Tunnelling to Emulab. One way to possibly preserve more compatibility with the current Emulab Way, would be to use the VINI vsys interface in !#1 to also create a tunnel device back to boss/ops for the control net. This way we can assign each vserver its own virtual control net, with its own IP, in the same namespace as the topo. At the Emulab end of the tunnel we bridge them all into the vnode namespace (172.16). This means that people will have to jump through Emulab to get to the nodes, which is not convenient but may be the way of the future if/when the GENI control plane is no longer IP-based.
NAT. A final way is to give each vserver its own IP as in !#2 but to bridge them all together on the physical host and then run a NAT to map them to the single physical host IP. You essentially have all the same restrictions as in PlanetLab (i.e., limited port range). If we map each vserver to a fixed range of ports, then we can even allow incoming connections. Provisions can be made for using reserved ports as well. This approach means modifying the base VINI system, in order to setup/maintain the NAT configuration.

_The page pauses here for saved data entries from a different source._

(* Let $\mathsf{X}$ be a finite connected graph with no tails and with $l$ ramified vertices, and suppose $\mathsf{X}$ has a segment decomposition into segments $\mathsf{S}^1,\dots,\mathsf{S}^k$, where $\mathsf{S}^1,\dots,\mathsf{S}^{k'}$ are the 2-segments and $\mathsf{S}^{k'+1},\dots,\mathsf{S}^k$ the 1-segments. Let $\mathsf{T}$ be a spanning tree of $\mathsf{X}$ and set $\mathsf{T}^i=\mathsf{T}\cap\mathsf{S}^i$. Then $\mathsf{T}^i$ is a spanning tree of the 2-segment $\mathsf{S}^i$ for exactly $l-1$ indices $i$.
   Context: Graphs are finite and undirected, possibly with multiple edges and loops. Some vertices are designated ramified; the others are unramified. A tail is an unramified vertex with exactly one neighbour joined to it by exactly one edge. For ramified $v,v'$, an admissible path from $v$ to $v'$ is a path whose intermediate vertices are all unramified (closed if $v=v'$). Segment decomposition: colour each admissible path between distinct ramified vertices so that paths sharing an edge receive the same colour; this must be possible with all paths of a colour joining the same pair of ramified vertices, and each colour class (union of its paths) is a 2-segment (contains exactly two ramified vertices). Every remaining edge lies on an admissible closed path at one ramified vertex through unramified vertices not in any 2-segment; colouring these closed paths likewise (paths sharing an edge get the same colour, no already coloured edge reused) gives the 1-segments (exactly one ramified vertex). The segments are pairwise edge-disjoint, share no unramified vertex, and cover $\mathsf{X}$; a segment with $t$ ramified vertices is a $t$-segment. *)

theory Defs
  imports Main
begin

text \<open>Finite multigraphs (multiple edges and loops allowed): a vertex set V, an edge
set E, and for every edge its set of end vertices (a singleton for a loop).\<close>

definition multigraph :: "'v set \<Rightarrow> 'e set \<Rightarrow> ('e \<Rightarrow> 'v set) \<Rightarrow> bool" where
  "multigraph V E ends \<longleftrightarrow> finite V \<and> finite E \<and>
     (\<forall>e\<in>E. ends e \<subseteq> V \<and> 1 \<le> card (ends e) \<and> card (ends e) \<le> 2)"

definition walk :: "('e \<Rightarrow> 'v set) \<Rightarrow> 'e set \<Rightarrow> 'v list \<Rightarrow> 'e list \<Rightarrow> bool" where
  "walk ends F vs es \<longleftrightarrow> length vs = Suc (length es) \<and> set es \<subseteq> F \<and>
     (\<forall>i<length es. ends (es ! i) = {vs ! i, vs ! Suc i})"

definition open_path :: "('e \<Rightarrow> 'v set) \<Rightarrow> 'e set \<Rightarrow> 'v list \<Rightarrow> 'e list \<Rightarrow> bool" where
  "open_path ends F vs es \<longleftrightarrow> walk ends F vs es \<and> es \<noteq> [] \<and> distinct vs"

text \<open>A closed path (cycle): nonempty closed walk, no repeated vertex except the
start = end, no repeated edge (so loops and pairs of parallel edges are cycles).\<close>
definition closed_path :: "('e \<Rightarrow> 'v set) \<Rightarrow> 'e set \<Rightarrow> 'v list \<Rightarrow> 'e list \<Rightarrow> bool" where
  "closed_path ends F vs es \<longleftrightarrow> walk ends F vs es \<and> es \<noteq> [] \<and> hd vs = last vs \<and>
     distinct (tl vs) \<and> distinct es"

definition inner :: "'v list \<Rightarrow> 'v set" where
  "inner vs = set (butlast (tl vs))"

definition connected_on :: "('e \<Rightarrow> 'v set) \<Rightarrow> 'v set \<Rightarrow> 'e set \<Rightarrow> bool" where
  "connected_on ends V F \<longleftrightarrow> (\<forall>u\<in>V. \<forall>w\<in>V. \<exists>vs es.
      walk ends F vs es \<and> set vs \<subseteq> V \<and> hd vs = u \<and> last vs = w)"

definition is_tree :: "('e \<Rightarrow> 'v set) \<Rightarrow> 'v set \<Rightarrow> 'e set \<Rightarrow> bool" where
  "is_tree ends V F \<longleftrightarrow> (\<forall>e\<in>F. ends e \<subseteq> V) \<and> connected_on ends V F \<and>
     \<not> (\<exists>vs es. closed_path ends F vs es)"

definition neighbours :: "'e set \<Rightarrow> ('e \<Rightarrow> 'v set) \<Rightarrow> 'v \<Rightarrow> 'v set" where
  "neighbours E ends u = {w. \<exists>e\<in>E. ends e = {u, w}}"

definition is_tail :: "'e set \<Rightarrow> ('e \<Rightarrow> 'v set) \<Rightarrow> 'v set \<Rightarrow> 'v \<Rightarrow> bool" where
  "is_tail E ends R u \<longleftrightarrow> u \<notin> R \<and>
     (\<exists>w. neighbours E ends u = {w} \<and> card {e\<in>E. ends e = {u, w}} = 1)"

definition adm2 :: "('e \<Rightarrow> 'v set) \<Rightarrow> 'e set \<Rightarrow> 'v set \<Rightarrow> ('v list \<times> 'e list) set" where
  "adm2 ends E R = {(vs, es). open_path ends E vs es \<and> hd vs \<in> R \<and> last vs \<in> R \<and>
      inner vs \<inter> R = {}}"

definition share_rel :: "('v list \<times> 'e list) set \<Rightarrow> (('v list \<times> 'e list) \<times> ('v list \<times> 'e list)) set" where
  "share_rel P = {(p, q). p \<in> P \<and> q \<in> P \<and> set (snd p) \<inter> set (snd q) \<noteq> {}}"

definition colour_classes :: "('v list \<times> 'e list) set \<Rightarrow> ('v list \<times> 'e list) set set" where
  "colour_classes P = P // (share_rel P)\<^sup>+"

definition seg :: "('v list \<times> 'e list) set \<Rightarrow> 'v set \<times> 'e set" where
  "seg C = ((\<Union>p\<in>C. set (fst p)), (\<Union>p\<in>C. set (snd p)))"

text \<open>Segment decomposition; S2 is the set of 2-segments, S1 the set of 1-segments,
each segment given as a pair (vertex set, edge set).\<close>
definition segment_decomposition ::
  "'v set \<Rightarrow> 'e set \<Rightarrow> ('e \<Rightarrow> 'v set) \<Rightarrow> 'v set \<Rightarrow> ('v set \<times> 'e set) set \<Rightarrow> ('v set \<times> 'e set) set \<Rightarrow> bool" where
  "segment_decomposition V E ends R S2 S1 \<longleftrightarrow>
    (let P2 = adm2 ends E R;
         cls2 = colour_classes P2;
         U2 = (\<Union>p\<in>P2. set (fst p));
         C2 = (\<Union>p\<in>P2. set (snd p));
         P1 = {(vs, es). closed_path ends E vs es \<and> hd vs \<in> R \<and>
                 inner vs \<subseteq> V - R - U2 \<and> set es \<inter> C2 = {}};
         cls1 = colour_classes P1
     in (\<forall>C\<in>cls2. \<exists>a b. \<forall>p\<in>C. {hd (fst p), last (fst p)} = {a, b})
      \<and> (\<forall>C\<in>cls2. card (fst (seg C) \<inter> R) = 2)
      \<and> (\<forall>e\<in>E - C2. \<exists>p\<in>P1. e \<in> set (snd p))
      \<and> (\<forall>C\<in>cls1. card (fst (seg C) \<inter> R) = 1)
      \<and> S2 = seg ` cls2 \<and> S1 = seg ` cls1
      \<and> (\<forall>S\<in>S2 \<union> S1. \<forall>S'\<in>S2 \<union> S1. S \<noteq> S' \<longrightarrow>
            snd S \<inter> snd S' = {} \<and> fst S \<inter> fst S' \<subseteq> R)
      \<and> (\<Union>S\<in>S2 \<union> S1. fst S) = V \<and> (\<Union>S\<in>S2 \<union> S1. snd S) = E)"

end

theory Submission
  imports Defs
begin

text \<open>A spanning tree T of X has card V - 1 edges. On a segment S with r ramified
vertices, T \<inter> S is a forest each of whose components contains a ramified vertex of S: a tree
walk starting at an unramified vertex of S can only leave S through a ramified vertex. So
T \<inter> S has c components with 1 \<le> c \<le> r, and card (T \<inter> S) = (unramified vertices of S) + (r - c).
The segments are edge-disjoint and share only ramified vertices, so summing over them gives
\<Sum> (r - c) = card R - 1. The defect r - c is 0 on a 1-segment, and on a 2-segment it is 1 exactly
when T \<inter> S is a spanning tree of S.\<close>

definition reachable :: "('e \<Rightarrow> 'v set) \<Rightarrow> 'e set \<Rightarrow> 'v \<Rightarrow> 'v \<Rightarrow> bool" where
  "reachable ends F = (\<lambda>a b. \<exists>e\<in>F. ends e = {a, b})\<^sup>*\<^sup>*"

lemma equivp_reachable: "equivp (reachable ends F)"
  unfolding reachable_def by (rule equivp_rtranclp) (auto simp: symp_def insert_commute)

lemma reachable_refl [simp]: "reachable ends F a a"
  using equivp_reflp[OF equivp_reachable] .

lemma reachable_sym: "reachable ends F a b \<Longrightarrow> reachable ends F b a"
  using equivp_symp[OF equivp_reachable] .

lemma reachable_trans: "reachable ends F a b \<Longrightarrow> reachable ends F b c \<Longrightarrow> reachable ends F a c"
  using equivp_transp[OF equivp_reachable] .

lemma reachable_edge: "e \<in> F \<Longrightarrow> ends e = {a, b} \<Longrightarrow> reachable ends F a b"
  unfolding reachable_def by (rule r_into_rtranclp) blast

lemma reachable_mono: "F \<subseteq> G \<Longrightarrow> reachable ends F a b \<Longrightarrow> reachable ends G a b"
  unfolding reachable_def by (erule rtranclp_mono[THEN predicate2D, rotated]) blast

lemma reachable_empty: "reachable ends {} a b \<longleftrightarrow> a = b"
  unfolding reachable_def by (auto elim: rtranclp.cases)

lemma reachable_insert_edge:
  assumes "ends e = {u, w}"
  shows "reachable ends (insert e F) x y \<longleftrightarrow> reachable ends F x y \<or>
    (reachable ends F x u \<and> reachable ends F w y) \<or> (reachable ends F x w \<and> reachable ends F u y)"
    (is "?lhs \<longleftrightarrow> ?rhs x y")
proof
  assume ?lhs
  then show "?rhs x y"
    unfolding reachable_def[of ends "insert e F"]
  proof (induction rule: rtranclp_induct)
    case (step y z)
    then obtain e' where e': "e' \<in> insert e F" "ends e' = {y, z}" by blast
    show ?case
    proof (cases "e' \<in> F")
      case True
      then show ?thesis using step.IH e' reachable_edge reachable_trans by meson
    next
      case False
      with e' assms have "(y = u \<and> z = w) \<or> (y = w \<and> z = u)" by (auto simp: doubleton_eq_iff)
      then show ?thesis using step.IH reachable_sym reachable_refl by metis
    qed
  qed simp
next
  have uw: "reachable ends (insert e F) u w" using assms by (intro reachable_edge) simp_all
  have mono: "reachable ends (insert e F) a b" if "reachable ends F a b" for a b
    using that by (rule reachable_mono[rotated]) blast
  assume "?rhs x y"
  then show ?lhs using uw mono reachable_trans reachable_sym by metis
qed

lemma walk_Nil: "walk ends F vs [] \<longleftrightarrow> (\<exists>v. vs = [v])"
  unfolding walk_def by (auto simp: length_Suc_conv)

lemma walk_Cons:
  "walk ends F vs (e # es) \<longleftrightarrow>
     (\<exists>a vs'. vs = a # vs' \<and> e \<in> F \<and> ends e = {a, hd vs'} \<and> walk ends F vs' es)"
  unfolding walk_def by (cases vs) (auto simp: All_less_Suc2 length_Suc_conv)

lemma walk_drop: "walk ends F vs es \<Longrightarrow> k \<le> length es \<Longrightarrow> walk ends F (drop k vs) (drop k es)"
  unfolding walk_def by (auto dest: in_set_dropD)

lemma walk_mono: "F \<subseteq> G \<Longrightarrow> walk ends F vs es \<Longrightarrow> walk ends G vs es"
  unfolding walk_def by blast

lemma walk_nonempty: "walk ends F vs es \<Longrightarrow> vs \<noteq> []"
  unfolding walk_def by auto

lemma walk_edge_ends: "walk ends F vs es \<Longrightarrow> e \<in> set es \<Longrightarrow> ends e \<subseteq> set vs"
proof (induction es arbitrary: vs)
  case (Cons e' es)
  then obtain a vs' where "vs = a # vs'" "ends e' = {a, hd vs'}" "walk ends F vs' es"
    by (auto simp: walk_Cons)
  with Cons show ?case using walk_nonempty[of ends F vs' es] by auto
qed simp

lemma walk_vertices_subset:
  "walk ends F vs es \<Longrightarrow> \<forall>e\<in>F. ends e \<subseteq> W \<Longrightarrow> hd vs \<in> W \<Longrightarrow> set vs \<subseteq> W"
proof (induction es arbitrary: vs)
  case (Cons e es)
  then obtain a vs' where "vs = a # vs'" "e \<in> F" "ends e = {a, hd vs'}" "walk ends F vs' es"
    by (auto simp: walk_Cons)
  with Cons show ?case by auto
qed (auto simp: walk_Nil)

I ruminate on the "control net problem" further in ProtogeniNetworkAccess.

Use PlanetLab

If the VINI kernel is unstable, we can use plab kernel instead with certain restrictions:

One vnode per-experiment, per-phyiscal node. That is, avoid the need for seperate routing tables and the revisitation problem. This is the "PlanetLab Way" so not really a restriction.
Distinct experiments cannot use overlapping IP space on nodes so that we again avoid the need for multiple routing tables. This requires that we be in charge of IP assignment for at least all tunnel devices. See task !#1 below.

The tasks:

Enforce global allocation of experimental IP space. Probably just gnaw off a chunk of the 10. space for tunnel use and manage that. This would have less impact on IP assignment as it happens today and, if chosen carefully, would not interfere with user-assigned addresses past, present or future. Perhaps better would be to use part of the 172.16 space. We use 16-18 for vnodes, but the rest could be used. Downside is that we route this range internally so there is potential for confusion (something like: someone has a tunnel, sets up or deletes a route incorrectly causing 172.16 tunnel traffic to go out on our control net to other nodes).
Modify NM and plab kernel to allow/do creation of tunnel devices inside vservers. Probably everything is there, we just need to modify the NM to create and configure bridges before it sets up the vserver. The vserver can then be created with multiple interfaces: control and bridges. Note that we should be able to dispense with the virtual IFs and bridges that are in VINI, because there is no need to create a "tunnel" between namespaces and we can prevent the vserver from modifying the bridge setup once inside.